─── Exercise material ───

lemma sum_cyclic_shift:
  assumes "j < M"
  shows "(\<Sum>k\<in>{..<M} - {j}. f (nat ((int k - int j) mod int M))) = (\<Sum>m = 1..<M. f m)"
proof -
  have "(\<Sum>k\<in>{..<M} - {j}. f (nat ((int k - int j) mod int M)))
      = (\<Sum>k\<in>{..<M} - {j}. f (if j \<le> k then k - j else k + M - j))"
    using nat_diff_mod_eq assms by (intro sum.cong) auto
  also have "\<dots> = (\<Sum>m = 1..<M. f m)"
    by (rule sum.reindex_bij_witness[of _ "\<lambda>m. if m + j < M then m + j else m + j - M"
          "\<lambda>k. if j \<le> k then k - j else k + M - j"]) (use assms in auto)
  finally show ?thesis .
qed

lemma Gamma_plus1_pos: "(x::real) > 0 \<Longrightarrow> Gamma (x + 1) = x * Gamma x"
  by (rule Gamma_plus1) (auto dest: nonpos_Ints_nonpos)

lemma rGamma_reflection_real: "rGamma (x::real) * rGamma (1 - x) = sin (pi * x) / pi"
proof -
  have "complex_of_real (rGamma x * rGamma (1 - x))
      = rGamma (complex_of_real x) * rGamma (1 - complex_of_real x)"
    using rGamma_complex_of_real[of "1 - x"] by (simp add: rGamma_complex_of_real)
  also have "\<dots> = complex_of_real (sin (pi * x) / pi)"
    by (simp add: rGamma_reflection_complex sin_of_real[symmetric])
  finally show ?thesis
    by (simp only: of_real_eq_iff)
qed

lemma Gamma_add_le_powr:
  assumes "(x::real) > 0" "0 \<le> t" "t \<le> 1"
  shows "Gamma (x + t) \<le> Gamma x * x powr t"
proof -
  have Gx: "Gamma x > 0"
    using assms(1) by simp
  have "ln (Gamma ((1 - t) *\<^sub>R x + t *\<^sub>R (x + 1)))
      \<le> (1 - t) * ln (Gamma x) + t * ln (Gamma (x + 1))"
    using assms convex_onD[OF log_convex_Gamma_real] by auto
  moreover have "Gamma (x + 1) = x * Gamma x"
    using assms(1) by (rule Gamma_plus1_pos)
  hence "ln (Gamma (x + 1)) = ln x + ln (Gamma x)"
    using ln_mult_pos[OF assms(1) Gx] by simp
  ultimately have "ln (Gamma (x + t)) \<le> ln (Gamma x) + t * ln x"
    by (simp add: algebra_simps)
  also have "\<dots> = ln (Gamma x * x powr t)"
    using Gx assms(1) by (simp add: ln_mult_pos)
  finally have "ln (Gamma (x + t)) \<le> ln (Gamma x * x powr t)" .
  thus ?thesis
    using assms Gx by (subst (asm) ln_le_cancel_iff) auto
qed

lemma frac_coeff_minus: "frac_coeff \<alpha> (- k) = frac_coeff \<alpha> k"
proof -
  have "(-1::real) powi (- k) = (-1) powi k"
    by (cases "even k") auto
  thus ?thesis
    unfolding frac_coeff_def by (simp add: algebra_simps)
qed

lemma frac_coeff_0: "frac_coeff \<alpha> 0 = Gamma (\<alpha> + 1) / Gamma (\<alpha> / 2 + 1) ^ 2"
  unfolding frac_coeff_def rGamma_inverse_Gamma
  by (simp add: power2_eq_square inverse_eq_divide)

definition frac_coeff_abs :: "real \<Rightarrow> nat \<Rightarrow> real" where
  "frac_coeff_abs \<alpha> n = Gamma (\<alpha> + 1) * sin (pi * \<alpha> / 2) / pi
      * Gamma (real n - \<alpha> / 2) / Gamma (real n + 1 + \<alpha> / 2)"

───

[Work instruction]: Exact copies of all the entries above should be returned.

[Answer section]:
lemma sum_cyclic_shift:
  assumes "j < M"
  shows "(\<Sum>k\<in>{..<M} - {j}. f (nat ((int k - int j) mod int M))) = (\<Sum>m = 1..<M. f m)"
proof -
  have "(\<Sum>k\<in>{..<M} - {j}. f (nat ((int k - int j) mod int M)))
      = (\<Sum>k\<in>{..<M} - {j}. f (if j \<le> k then k - j else k + M - j))"
    using nat_diff_mod_eq assms by (intro sum.cong) auto
  also have "\<dots> = (\<Sum>m = 1..<M. f m)"
    by (rule sum.reindex_bij_witness[of _ "\<lambda>m. if m + j < M then m + j else m + j - M"
          "\<lambda>k. if j \<le> k then k - j else k + M - j"]) (use assms in auto)
  finally show ?thesis .
qed

lemma Gamma_plus1_pos: "(x::real) > 0 \<Longrightarrow> Gamma (x + 1) = x * Gamma x"
  by (rule Gamma_plus1) (auto dest: nonpos_Ints_nonpos)

lemma rGamma_reflection_real: "rGamma (x::real) * rGamma (1 - x) = sin (pi * x) / pi"
proof -
  have "complex_of_real (rGamma x * rGamma (1 - x))
      = rGamma (complex_of_real x) * rGamma (1 - complex_of_real x)"
    using rGamma_complex_of_real[of "1 - x"] by (simp add: rGamma_complex_of_real)
  also have "\<dots> = complex_of_real (sin (pi * x) / pi)"
    by (simp add: rGamma_reflection_complex sin_of_real[symmetric])
  finally show ?thesis
    by (simp only: of_real_eq_iff)
qed

lemma Gamma_add_le_powr:
  assumes "(x::real) > 0" "0 \<le> t" "t \<le> 1"
  shows "Gamma (x + t) \<le> Gamma x * x powr t"
proof -
  have Gx: "Gamma x > 0"
    using assms(1) by simp
  have "ln (Gamma ((1 - t) *\<^sub>R x + t *\<^sub>R (x + 1)))
      \<le> (1 - t) * ln (Gamma x) + t * ln (Gamma (x + 1))"
    using assms convex_onD[OF log_convex_Gamma_real] by auto
  moreover have "Gamma (x + 1) = x * Gamma x"
    using assms(1) by (rule Gamma_plus1_pos)
  hence "ln (Gamma (x + 1)) = ln x + ln (Gamma x)"
    using ln_mult_pos[OF assms(1) Gx] by simp
  ultimately have "ln (Gamma (x + t)) \<le> ln (Gamma x) + t * ln x"
    by (simp add: algebra_simps)
  also have "\<dots> = ln (Gamma x * x powr t)"
    using Gx assms(1) by (simp add: ln_mult_pos)
  finally have "ln (Gamma (x + t)) \<le> ln (Gamma x * x powr t)" .
  thus ?thesis
    using assms Gx by (subst (asm) ln_le_cancel_iff) auto
qed

lemma frac_coeff_minus: "frac_coeff \<alpha> (- k) = frac_coeff \<alpha> k"
proof -
  have "(-1::real) powi (- k) = (-1) powi k"
    by (cases "even k") auto
  thus ?thesis
    unfolding frac_coeff_def by (simp add: algebra_simps)
qed

lemma frac_coeff_0: "frac_coeff \<alpha> 0 = Gamma (\<alpha> + 1) / Gamma (\<alpha> / 2 + 1) ^ 2"
  unfolding frac_coeff_def rGamma_inverse_Gamma
  by (simp add: power2_eq_square inverse_eq_divide)

definition frac_coeff_abs :: "real \<Rightarrow> nat \<Rightarrow> real" where
  "frac_coeff_abs \<alpha> n = Gamma (\<alpha> + 1) * sin (pi * \<alpha> / 2) / pi
      * Gamma (real n - \<alpha> / 2) / Gamma (real n + 1 + \<alpha> / 2)"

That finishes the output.